Shravan Kummar is an Indian fashion designer based in Hyderabad. He is known for his work in sustainable fashion and for incorporating traditional handloom textiles into contemporary design. He operates his design label, Shravan Studio.

He is reported to have been the first Indian designer included in Cornell University’s Nixon Distinguished Speaker Series.

== Early life and education ==
Kummar was born in Hyderabad. He secured the 363rd rank in the medical entrance examination and enrolled at Gandhi Medical College, which he left during his first year. He later completed a design program at the National Institute of Fashion Technology, Hyderabad, and attended the London College of Fashion, where he studied colour psychology.

== Career ==
Kummar began his career in 1996 with the establishment of his label, Shravan Studio, in Hyderabad.
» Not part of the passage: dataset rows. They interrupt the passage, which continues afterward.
(* Let $c<2$ and $w_0=(x_0,y_0,z_0)\in\mathbb{R}^3$ with $\kappa(w_0)=c$ and $|z_0|>2$. Then (1) for $w_1=Q_x(w_0)$: $|\tau(w_1)-\tau(w_0)|\ge |y_0z_0|\max\big(|y_0|\sqrt{z_0^2-4},\ 2\sqrt{z_0^2-c-2}\big)$; (2) for $w_1=Q_y(w_0)$: $|\tau(w_1)-\tau(w_0)|\ge |x_0z_0|\max\big(|x_0|\sqrt{z_0^2-4},\ 2\sqrt{z_0^2-c-2}\big)$.
   Context: $\kappa(x,y,z)=-x^2-y^2+z^2+xyz-2$; for $u=(x,y,z)$, $\bar z(u)=-xy-z$ and $\tau(u)=-z\,\bar z(u)$. $Q_x(x,y,z)=(yz-x,y,z)$, $Q_y(x,y,z)=(x,xz-y,z)$. *)

theory Defs
  imports Complex_Main
begin

fun kappa :: "real \<times> real \<times> real \<Rightarrow> real" where
  "kappa (x, y, z) = - (x ^ 2) - y ^ 2 + z ^ 2 + x * y * z - 2"

fun zbar :: "real \<times> real \<times> real \<Rightarrow> real" where
  "zbar (x, y, z) = - (x * y) - z"

fun tau :: "real \<times> real \<times> real \<Rightarrow> real" where
  "tau (x, y, z) = - z * zbar (x, y, z)"

fun Qx :: "real \<times> real \<times> real \<Rightarrow> real \<times> real \<times> real" where
  "Qx (x, y, z) = (y * z - x, y, z)"

fun Qy :: "real \<times> real \<times> real \<Rightarrow> real \<times> real \<times> real" where
  "Qy (x, y, z) = (x, x * z - y, z)"

end

theory Submission
  imports Defs
begin

text \<open>
  On the level set \<open>\<kappa> = c\<close> the jump of \<open>\<tau>\<close> under \<open>Q\<^sub>x\<close> is \<open>y z (y z - 2 x)\<close>, and the
  Markov-type equation turns the square of the second factor into the sum of two
  nonnegative terms, \<open>(y z - 2 x)\<^sup>2 = y\<^sup>2 (z\<^sup>2 - 4) + 4 (z\<^sup>2 - c - 2)\<close>; so the factor dominates
  the square root of either term. The statement for \<open>Q\<^sub>y\<close> is the same one with \<open>x\<close> and \<open>y\<close>
  exchanged, since \<open>\<kappa>\<close> and \<open>\<tau>\<close> are symmetric in them.
\<close>

lemma kappa_swap: "kappa (y, x, z) = kappa (x, y, z)"
  by (simp add: algebra_simps)

lemma tau_swap: "tau (y, x, z) = tau (x, y, z)"
  by (simp add: algebra_simps)

lemma tau_Qy_eq_tau_Qx_swap: "tau (Qy (x, y, z)) = tau (Qx (y, x, z))"
  by (simp add: algebra_simps)

lemma tau_Qx_minus_tau: "tau (Qx (x, y, z)) - tau (x, y, z) = y * z * (y * z - 2 * x)"
  by (simp add: algebra_simps)

lemma square_eq_kappa: "(y * z - 2 * x)^2 = y^2 * (z^2 - 4) + 4 * (z^2 - kappa (x, y, z) - 2)"
  by (simp add: power2_eq_square algebra_simps)

lemma max_sqrt_le_sqrt_add:
  fixes a b :: real
  assumes "0 \<le> a" and "0 \<le> b"
  shows "max (sqrt a) (sqrt b) \<le> sqrt (a + b)"
  using assms by simp

lemma tau_Qx_jump_lower_bound:
  fixes c x y z :: real
  assumes "kappa (x, y, z) = c" and "4 \<le> z^2" and "c + 2 \<le> z^2"
  shows "\<bar>y * z\<bar> * max (\<bar>y\<bar> * sqrt (z^2 - 4)) (2 * sqrt (z^2 - c - 2))
           \<le> \<bar>tau (Qx (x, y, z)) - tau (x, y, z)\<bar>"
proof -
  let ?a = "y^2 * (z^2 - 4)" and ?b = "4 * (z^2 - c - 2)"
  have "max (\<bar>y\<bar> * sqrt (z^2 - 4)) (2 * sqrt (z^2 - c - 2)) = max (sqrt ?a) (sqrt ?b)"
    by (simp only: real_sqrt_mult real_sqrt_abs real_sqrt_four)
  also have "\<dots> \<le> sqrt (?a + ?b)"
    using assms(2,3) by (intro max_sqrt_le_sqrt_add) auto
  also have "\<dots> = \<bar>y * z - 2 * x\<bar>"
    by (simp only: square_eq_kappa [of y z x, unfolded assms(1), symmetric] real_sqrt_abs)
  finally have "\<bar>y * z\<bar> * max (\<bar>y\<bar> * sqrt (z^2 - 4)) (2 * sqrt (z^2 - c - 2))
                 \<le> \<bar>y * z\<bar> * \<bar>y * z - 2 * x\<bar>"
    by (rule mult_left_mono) simp
  also have "\<dots> = \<bar>tau (Qx (x, y, z)) - tau (x, y, z)\<bar>"
    by (simp only: tau_Qx_minus_tau abs_mult)
  finally show ?thesis .
qed

theorem mainTheorem9:
  fixes c x0 y0 z0 :: real
  assumes "c < 2"
    and "kappa (x0, y0, z0) = c"
    and "\<bar>z0\<bar> > 2"
  shows "\<bar>tau (Qx (x0, y0, z0)) - tau (x0, y0, z0)\<bar>
           \<ge> \<bar>y0 * z0\<bar> * max (\<bar>y0\<bar> * sqrt (z0^2 - 4)) (2 * sqrt (z0^2 - c - 2))
         \<and> \<bar>tau (Qy (x0, y0, z0)) - tau (x0, y0, z0)\<bar>
           \<ge> \<bar>x0 * z0\<bar> * max (\<bar>x0\<bar> * sqrt (z0^2 - 4)) (2 * sqrt (z0^2 - c - 2))"
proof -
  have "2^2 < \<bar>z0\<bar>^2"
    using assms(3) by (intro power_strict_mono) auto
  then have z: "4 \<le> z0^2" and c: "c + 2 \<le> z0^2"
    using assms(1) by auto
  have "kappa (y0, x0, z0) = c"
    using assms(2) by (simp only: kappa_swap)
  from tau_Qx_jump_lower_bound [OF this z c]
  have "\<bar>x0 * z0\<bar> * max (\<bar>x0\<bar> * sqrt (z0^2 - 4)) (2 * sqrt (z0^2 - c - 2))
          \<le> \<bar>tau (Qy (x0, y0, z0)) - tau (x0, y0, z0)\<bar>"
    by (simp only: tau_Qy_eq_tau_Qx_swap tau_swap [of y0 x0])
  with tau_Qx_jump_lower_bound [OF assms(2) z c] show ?thesis
    by simp
qed

end
(* Let $\alpha=(\alpha^+,0,\dots,0)\in[0,\infty)^n$ with $\alpha^+\in(0,\infty)^l$, and let $\Lambda_\alpha=\begin{pmatrix}\Lambda_{\alpha^+}&0\\0&0\end{pmatrix}$. Let $\Gamma_1$ be a circle in $\mathbb{C}$ enclosing all entries of $\alpha^+$ but not $0$, and $\Gamma_0$ a circle enclosing $0$ but no entry of $\alpha^+$. For Hermitian $\tilde E$ (small enough that $\Lambda_\alpha+\tilde E$ has no eigenvalue on $\Gamma_0\cup\Gamma_1$) define $$P_i(\tilde E)=\frac{1}{2\pi i}\int_{\Gamma_i}(zI-(\Lambda_\alpha+\tilde E))^{-1}\,dz,\quad i=0,1,$$ and write $\tilde E=\begin{pmatrix}\tilde B&\tilde C\\ \tilde C^*&\tilde D\end{pmatrix}$ with respect to $\mathbb{C}^n=\mathbb{C}^l\oplus\mathbb{C}^{n-l}$. Then $$P_1(\tilde E)=\begin{pmatrix} I & \Lambda_{\alpha^+}^{-1}\tilde C\\ \tilde C^*\Lambda_{\alpha^+}^{-1} & 0\end{pmatrix}+O(\|\tilde E\|^2),\qquad P_0(\tilde E)=\begin{pmatrix} 0 & -\Lambda_{\alpha^+}^{-1}\tilde C\\ -\tilde C^*\Lambda_{\alpha^+}^{-1} & I\end{pmatrix}+O(\|\tilde E\|^2),$$ where the size of the errors is locally independent of $\alpha^+$ (the implicit constants and neighborhoods can be chosen uniformly for $\alpha^+$ in a neighborhood of the given one).
   Context: $\Lambda_v$ denotes the diagonal matrix with the vector $v$ on its diagonal; $\|\cdot\|$ is any matrix norm. *)

theory Defs
  imports "HOL-Complex_Analysis.Complex_Analysis"
begin

definition diag_real :: "real^'n \<Rightarrow> complex^'n^'n" where
  "diag_real v = (\<chi> i j. if i = j then complex_of_real (v $ i) else 0)"

definition hermitian :: "complex^'n^'n \<Rightarrow> bool" where
  "hermitian E \<longleftrightarrow> (\<forall>i j. E $ i $ j = cnj (E $ j $ i))"

definition riesz_proj :: "(real \<Rightarrow> complex) \<Rightarrow> complex^'n^'n \<Rightarrow> complex^'n^'n" where
  "riesz_proj \<Gamma> A =
     (\<chi> i j. contour_integral \<Gamma> (\<lambda>z. matrix_inv (mat z - A) $ i $ j) / (2 * complex_of_real pi * \<i>))"

text \<open>Block decomposition with respect to the index set S (the block of alpha^+) and its
  complement.\<close>
definition approx_P1 :: "'n set \<Rightarrow> real^'n \<Rightarrow> complex^'n^'n \<Rightarrow> complex^'n^'n" where
  "approx_P1 S a E = (\<chi> i j.
     if i \<in> S \<and> j \<in> S then (if i = j then 1 else 0)
     else if i \<in> S \<and> j \<notin> S then E $ i $ j / complex_of_real (a $ i)
     else if i \<notin> S \<and> j \<in> S then cnj (E $ j $ i) / complex_of_real (a $ j)
     else 0)"

definition approx_P0 :: "'n set \<Rightarrow> real^'n \<Rightarrow> complex^'n^'n \<Rightarrow> complex^'n^'n" where
  "approx_P0 S a E = (\<chi> i j.
     if i \<in> S \<and> j \<in> S then 0
     else if i \<in> S \<and> j \<notin> S then - (E $ i $ j / complex_of_real (a $ i))
     else if i \<notin> S \<and> j \<in> S then - (cnj (E $ j $ i) / complex_of_real (a $ j))
     else (if i = j then 1 else 0))"

end

(*
  Put A = diag beta + E and R0(z) = (z - diag beta)^-1.  If every diagonal entry of diag beta
  stays at distance at least e from a circle and E is small, the resolvent identity
  (z - A)^-1 = R0 + R0 E R0 + R0 E R0 E (z - A)^-1 shows that (z - A)^-1 differs from
  R0 + R0 E R0 by O(|E|^2), uniformly on the circle.  Integrating, the Riesz projection agrees
  up to O(|E|^2) with the integral of R0 + R0 E R0, whose entries are the integrals of
  1/(z - beta_i) and E_ij/((z - beta_i)(z - beta_j)): winding numbers and divided differences of
  winding numbers.  For beta close to alpha, Gamma_1 winds once around the positive entries and
  not around 0, and Gamma_0 the other way round, which turns these first-order terms into the
  block matrices of the statement.  All constants depend only on the gap e, the dimension and
  the radii.
*)

theory Submission
  imports Defs
begin

no_notation fps_nth (infixl \<open>$\<close> 75)

text \<open>The norm of a matrix type is the Frobenius norm; the entrywise l1 norm below is easier to
  show submultiplicative and is equivalent to it up to dimension factors.\<close>

definition mat_l1 :: "'a::real_normed_vector^'n^'m \<Rightarrow> real" where
  "mat_l1 X = (\<Sum>i\<in>UNIV. \<Sum>j\<in>UNIV. norm (X $ i $ j))"

lemma mat_l1_nonneg: "0 \<le> mat_l1 X"
  unfolding mat_l1_def by (intro sum_nonneg norm_ge_zero)

lemma row_norm_le_mat_l1: "(\<Sum>j\<in>UNIV. norm (X $ i $ j)) \<le> mat_l1 X"
  unfolding mat_l1_def
  by (rule member_le_sum[where f="\<lambda>i. \<Sum>j\<in>UNIV. norm (X $ i $ j)"]) (auto intro: sum_nonneg)

lemma entry_norm_le_mat_l1: "norm (X $ i $ j) \<le> mat_l1 X"
  by (rule order_trans[OF member_le_sum row_norm_le_mat_l1]) auto

lemma mat_l1_eq_0_iff: "mat_l1 X = 0 \<longleftrightarrow> X = 0"
proof
  assume "mat_l1 X = 0"
  then have "norm (X $ i $ j) = 0" for i j
    using entry_norm_le_mat_l1[of X i j] norm_ge_zero[of "X $ i $ j"] by linarith
  then show "X = 0" by (simp add: vec_eq_iff)
qed (simp add: mat_l1_def)

lemma mat_l1_add: "mat_l1 (X + Y) \<le> mat_l1 X + mat_l1 Y"
  unfolding mat_l1_def sum.distrib[symmetric]
  by (intro sum_mono) (simp add: norm_triangle_ineq)

lemma mat_l1_le_norm:
  fixes X :: "'a::real_normed_vector^'n^'m"
  shows "mat_l1 X \<le> real CARD('n) * real CARD('m) * norm X"
proof -
  have "mat_l1 X \<le> (\<Sum>i\<in>(UNIV::'m set). \<Sum>j\<in>(UNIV::'n set). norm X)"
    unfolding mat_l1_def
    using order_trans[OF Finite_Cartesian_Product.norm_nth_le Finite_Cartesian_Product.norm_nth_le]
    by (intro sum_mono)
  then show ?thesis by (simp add: mult_ac)
qed

lemma norm_le_entry_bound:
  fixes X :: "'a::real_normed_vector^'n^'m"
  assumes "\<And>i j. norm (X $ i $ j) \<le> b"
  shows "norm X \<le> real CARD('m) * real CARD('n) * b"
proof -
  have row: "norm (X $ i) \<le> (\<Sum>j\<in>UNIV. norm (X $ i $ j))" for i
    by (simp add: norm_vec_def L2_set_le_sum)
  have "norm X \<le> (\<Sum>i\<in>UNIV. norm (X $ i))"
    by (simp add: norm_vec_def L2_set_le_sum)
  also have "\<dots> \<le> (\<Sum>i\<in>(UNIV::'m set). \<Sum>j\<in>(UNIV::'n set). b)"
    by (intro sum_mono order_trans[OF row] assms)
  finally show ?thesis by (simp add: mult_ac)
qed

lemma mat_l1_mat: "mat_l1 (mat c :: 'a::real_normed_vector^'n^'n) = real CARD('n) * norm c"
  unfolding mat_l1_def mat_def by (simp add: if_distrib cong: if_cong)

lemma mat_l1_mult: "mat_l1 ((X :: 'a::real_normed_algebra_1^'k^'m) ** Y) \<le> mat_l1 X * mat_l1 Y"
proof -
  have "mat_l1 (X ** Y) \<le> (\<Sum>i\<in>UNIV. \<Sum>j\<in>UNIV. \<Sum>k\<in>UNIV. norm (X$i$k) * norm (Y$k$j))"
    unfolding mat_l1_def matrix_matrix_mult_def
    by (intro sum_mono) (simp add: order_trans[OF norm_sum sum_mono[OF norm_mult_ineq]])
  also have "\<dots> = (\<Sum>i\<in>UNIV. \<Sum>k\<in>UNIV. \<Sum>j\<in>UNIV. norm (X$i$k) * norm (Y$k$j))"
    by (rule sum.cong[OF refl], rule sum.swap)
  also have "\<dots> = (\<Sum>i\<in>UNIV. \<Sum>k\<in>UNIV. norm (X$i$k) * (\<Sum>j\<in>UNIV. norm (Y$k$j)))"
    by (simp add: sum_distrib_left)
  also have "\<dots> \<le> (\<Sum>i\<in>UNIV. \<Sum>k\<in>UNIV. norm (X$i$k) * mat_l1 Y)"
    by (intro sum_mono mult_left_mono row_norm_le_mat_l1) auto
  also have "\<dots> = mat_l1 X * mat_l1 Y" by (simp add: mat_l1_def sum_distrib_right)
  finally show ?thesis .
qed

lemma matrix_diff_ldistrib: "(A::'a::ring_1^'n^'m) ** (B - C) = A ** B - A ** C"
  by (simp add: matrix_matrix_mult_def vec_eq_iff sum_subtractf algebra_simps)

lemma matrix_diff_rdistrib: "((B - C)::'a::ring_1^'n^'m) ** A = B ** A - C ** A"
  by (simp add: matrix_matrix_mult_def vec_eq_iff sum_subtractf algebra_simps)

lemma mat_diff: "mat w - mat z = (mat (w - z) :: 'a::ring_1^'n^'n)"
  by (simp add: vec_eq_iff mat_def)

lemma matrix_inv_right:
  assumes "invertible (A :: 'a::semiring_1^'n^'m)"
  shows "A ** matrix_inv A = mat 1"
  using someI_ex[OF assms[unfolded invertible_def]] by (simp add: matrix_inv_def)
His work has been worn by several film actors, including Anushka Shetty, Nandita Das, Shabana Azmi, Nayanthara, Huma Qureshi, Kamal Haasan, Rajinikanth, Mammootty and Chiranjeevi.

In 2013, he launched Aalayam Temple of Weaves, a handloom showroom in Jubilee Hills designed with elements inspired by the Guruvayur Temple. The store showcased handloom saris sourced from weaving communities across India, and a portion of its profits supported the Weavers’ Association of Aalayam Society.

In 2017, Kummar presented a Khadi focused collection at India Runway Week, featuring men's jackets with Kalamkari motifs and solid coloured lehenga ensembles.

In 2018, his designs were shown at the Dubai Fashion League Series, where actor Sunny Leone appeared as the showstopper.

In 2022, his collection was presented at the Indian Designer Show Season 4, where Sini Shetty served as the showstopper. Also in 2022, his work was featured at the 17th American Telugu Association Convention and Youth Conference, held at the Walter E. Washington Convention Center in Washington, D.C..

Also in 2022, Kummar was selected to represent at International Eco Fashion Week Australia, where his label showcased Kalamkari natural cotton designs and incorporated the Ahmedabadi textile art form Mata ni Pachedi.